GIVEN RECORDS
____________________
lemma word_series_cong:
  "A = B \<Longrightarrow> (\<And>a. a \<in> B \<Longrightarrow> p a = p' a) \<Longrightarrow> (\<And>a. a \<in> B \<Longrightarrow> c a = c' a)
    \<Longrightarrow> word_series A p c = word_series B p' c'"
  unfolding word_series_def by (rule ext) (intro sum.cong; simp)

lemma sum_word_series_UN_disjoint:
  assumes "finite I" "\<And>i. i \<in> I \<Longrightarrow> finite (A i)"
    and "\<And>i j. i \<in> I \<Longrightarrow> j \<in> I \<Longrightarrow> i \<noteq> j \<Longrightarrow> A i \<inter> A j = {}"
  shows "(\<Sum>i\<in>I. word_series (A i) p c w) = word_series (\<Union>i\<in>I. A i) p c w"
  unfolding word_series_def using assms by (subst sum.UNION_disjoint) auto

lemma mult_word_series:
  "c0 * word_series A p c w = word_series A p (\<lambda>a. c0 * c a) w"
  unfolding word_series_def sum_distrib_left by (intro sum.cong) auto

lemma sprod_letter_word_series:
  "sprod (letter k) (word_series A p c) = word_series A (\<lambda>a. k # p a) c"
proof -
  have "letter k = word_series {()} (\<lambda>_. [k]) (\<lambda>_. 1)"
    by (rule ext) (auto simp: letter_def word_series_def)
  then have "sprod (letter k) (word_series A p c)
      = word_series ((\<lambda>a. ((), a)) ` A) (\<lambda>(_, a). k # p a) (\<lambda>(_, a). c a)"
    by (simp add: sprod_word_series) (rule word_series_cong; auto)
  then show ?thesis
    by (simp add: word_series_reindex inj_on_def comp_def)
qed

lemma set_Cons_eq_image: "set_Cons A B = (\<lambda>(a, b). a # b) ` (A \<times> B)"
  unfolding set_Cons_def by auto

lemma sprod_list_word_series:
  "sprod_list (map (\<lambda>i. word_series (A i) p c) is)
     = word_series (listset (map A is)) (\<lambda>xs. concat (map p xs)) (\<lambda>xs. prod_list (map c xs))"
proof (induction "is")
  case Nil
  show ?case
    by (auto simp: sprod_list_def sone_def word_series_def)
next
  case (Cons i "is")
  have "sprod_list (map (\<lambda>i. word_series (A i) p c) (i # is))
      = word_series (A i \<times> listset (map A is))
          (\<lambda>(a, xs). p a @ concat (map p xs)) (\<lambda>(a, xs). c a * prod_list (map c xs))"
    using Cons by (simp add: sprod_list_def sprod_word_series)
  also have "\<dots> = word_series ((\<lambda>(a, xs). a # xs) ` (A i \<times> listset (map A is)))
      (\<lambda>xs. concat (map p xs)) (\<lambda>xs. prod_list (map c xs))"
    by (subst word_series_reindex) (auto simp: inj_on_def comp_def split_def)
  finally show ?case
    by (simp add: set_Cons_eq_image)
qed

lemma finite_listset: "(\<And>A. A \<in> set As \<Longrightarrow> finite A) \<Longrightarrow> finite (listset As)"
  by (induction As) (auto simp: set_Cons_eq_image)

lemma nleaves_pos: "0 < nleaves T"
proof (induction T)
  case (Node ts)
  show ?case
  proof (cases ts)
    case (Cons t ts')
    then have "0 < nleaves t" using Node by simp
    then show ?thesis using Cons by simp
  qed simp
qed

lemma length_le_sum_nleaves: "length ts \<le> sum_list (map nleaves ts)"
proof (induction ts)
  case (Cons t ts)
  then show ?case using nleaves_pos[of t] by (simp del: nleaves.simps)
qed simp

lemma sum_list_nleaves_minus_1:
  "sum_list (map (\<lambda>t. nleaves t - 1) ts) = sum_list (map nleaves ts) - length ts"
proof (induction ts)
  case (Cons t ts)
  then show ?case
    using nleaves_pos[of t] length_le_sum_nleaves[of ts] by (simp del: nleaves.simps)
qed simp

definition reduced_trees :: "nat \<Rightarrow> ptree set" where
  "reduced_trees m = {T. reduced T \<and> nleaves T = m}"

definition reduced_forests :: "nat \<Rightarrow> nat \<Rightarrow> ptree list set" where
  "reduced_forests m l = {ts. length ts = l \<and> (\<forall>t\<in>set ts. reduced t) \<and> sum_list (map nleaves ts) = m}"

definition weak_compositions :: "nat \<Rightarrow> nat \<Rightarrow> nat list set" where
  "weak_compositions m l = {js. length js = l \<and> sum_list js = m}"

lemma reduced_trees_Suc_0: "reduced_trees (Suc 0) = {Node []}"
proof -
  have "T = Node []" if "reduced T" "nleaves T = 1" for T
  proof (cases T)
    case (Node ts)
    show ?thesis
    proof (rule ccontr)
      assume "T \<noteq> Node []"
      then have "ts \<noteq> []" using Node by simp
      then have "2 \<le> length ts" using that(1) Node by (cases ts) (auto simp: Suc_le_eq)
      then show False using that(2) Node \<open>ts \<noteq> []\<close> length_le_sum_nleaves[of ts] by simp
    qed
  qed
  then show ?thesis unfolding reduced_trees_def by auto
qed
____________________
EXERCISE BRIEF
Each line of the records should be repeated exactly as it stands.

SOLVED PROBLEM
lemma word_series_cong:
  "A = B \<Longrightarrow> (\<And>a. a \<in> B \<Longrightarrow> p a = p' a) \<Longrightarrow> (\<And>a. a \<in> B \<Longrightarrow> c a = c' a)
    \<Longrightarrow> word_series A p c = word_series B p' c'"
  unfolding word_series_def by (rule ext) (intro sum.cong; simp)

lemma sum_word_series_UN_disjoint:
  assumes "finite I" "\<And>i. i \<in> I \<Longrightarrow> finite (A i)"
    and "\<And>i j. i \<in> I \<Longrightarrow> j \<in> I \<Longrightarrow> i \<noteq> j \<Longrightarrow> A i \<inter> A j = {}"
  shows "(\<Sum>i\<in>I. word_series (A i) p c w) = word_series (\<Union>i\<in>I. A i) p c w"
  unfolding word_series_def using assms by (subst sum.UNION_disjoint) auto

lemma mult_word_series:
  "c0 * word_series A p c w = word_series A p (\<lambda>a. c0 * c a) w"
  unfolding word_series_def sum_distrib_left by (intro sum.cong) auto

lemma sprod_letter_word_series:
  "sprod (letter k) (word_series A p c) = word_series A (\<lambda>a. k # p a) c"
proof -
  have "letter k = word_series {()} (\<lambda>_. [k]) (\<lambda>_. 1)"
    by (rule ext) (auto simp: letter_def word_series_def)
  then have "sprod (letter k) (word_series A p c)
      = word_series ((\<lambda>a. ((), a)) ` A) (\<lambda>(_, a). k # p a) (\<lambda>(_, a). c a)"
    by (simp add: sprod_word_series) (rule word_series_cong; auto)
  then show ?thesis
    by (simp add: word_series_reindex inj_on_def comp_def)
qed

lemma set_Cons_eq_image: "set_Cons A B = (\<lambda>(a, b). a # b) ` (A \<times> B)"
  unfolding set_Cons_def by auto

lemma sprod_list_word_series:
  "sprod_list (map (\<lambda>i. word_series (A i) p c) is)
     = word_series (listset (map A is)) (\<lambda>xs. concat (map p xs)) (\<lambda>xs. prod_list (map c xs))"
proof (induction "is")
  case Nil
  show ?case
    by (auto simp: sprod_list_def sone_def word_series_def)
next
  case (Cons i "is")
  have "sprod_list (map (\<lambda>i. word_series (A i) p c) (i # is))
      = word_series (A i \<times> listset (map A is))
          (\<lambda>(a, xs). p a @ concat (map p xs)) (\<lambda>(a, xs). c a * prod_list (map c xs))"
    using Cons by (simp add: sprod_list_def sprod_word_series)
  also have "\<dots> = word_series ((\<lambda>(a, xs). a # xs) ` (A i \<times> listset (map A is)))
      (\<lambda>xs. concat (map p xs)) (\<lambda>xs. prod_list (map c xs))"
    by (subst word_series_reindex) (auto simp: inj_on_def comp_def split_def)
  finally show ?case
    by (simp add: set_Cons_eq_image)
qed

lemma finite_listset: "(\<And>A. A \<in> set As \<Longrightarrow> finite A) \<Longrightarrow> finite (listset As)"
  by (induction As) (auto simp: set_Cons_eq_image)

lemma nleaves_pos: "0 < nleaves T"
proof (induction T)
  case (Node ts)
  show ?case
  proof (cases ts)
    case (Cons t ts')
    then have "0 < nleaves t" using Node by simp
    then show ?thesis using Cons by simp
  qed simp
qed

lemma length_le_sum_nleaves: "length ts \<le> sum_list (map nleaves ts)"
proof (induction ts)
  case (Cons t ts)
  then show ?case using nleaves_pos[of t] by (simp del: nleaves.simps)
qed simp

lemma sum_list_nleaves_minus_1:
  "sum_list (map (\<lambda>t. nleaves t - 1) ts) = sum_list (map nleaves ts) - length ts"
proof (induction ts)
  case (Cons t ts)
  then show ?case
    using nleaves_pos[of t] length_le_sum_nleaves[of ts] by (simp del: nleaves.simps)
qed simp

definition reduced_trees :: "nat \<Rightarrow> ptree set" where
  "reduced_trees m = {T. reduced T \<and> nleaves T = m}"

definition reduced_forests :: "nat \<Rightarrow> nat \<Rightarrow> ptree list set" where
  "reduced_forests m l = {ts. length ts = l \<and> (\<forall>t\<in>set ts. reduced t) \<and> sum_list (map nleaves ts) = m}"

definition weak_compositions :: "nat \<Rightarrow> nat \<Rightarrow> nat list set" where
  "weak_compositions m l = {js. length js = l \<and> sum_list js = m}"

lemma reduced_trees_Suc_0: "reduced_trees (Suc 0) = {Node []}"
proof -
  have "T = Node []" if "reduced T" "nleaves T = 1" for T
  proof (cases T)
    case (Node ts)
    show ?thesis
    proof (rule ccontr)
      assume "T \<noteq> Node []"
      then have "ts \<noteq> []" using Node by simp
      then have "2 \<le> length ts" using that(1) Node by (cases ts) (auto simp: Suc_le_eq)
      then show False using that(2) Node \<open>ts \<noteq> []\<close> length_le_sum_nleaves[of ts] by simp
    qed
  qed
  then show ?thesis unfolding reduced_trees_def by auto
qed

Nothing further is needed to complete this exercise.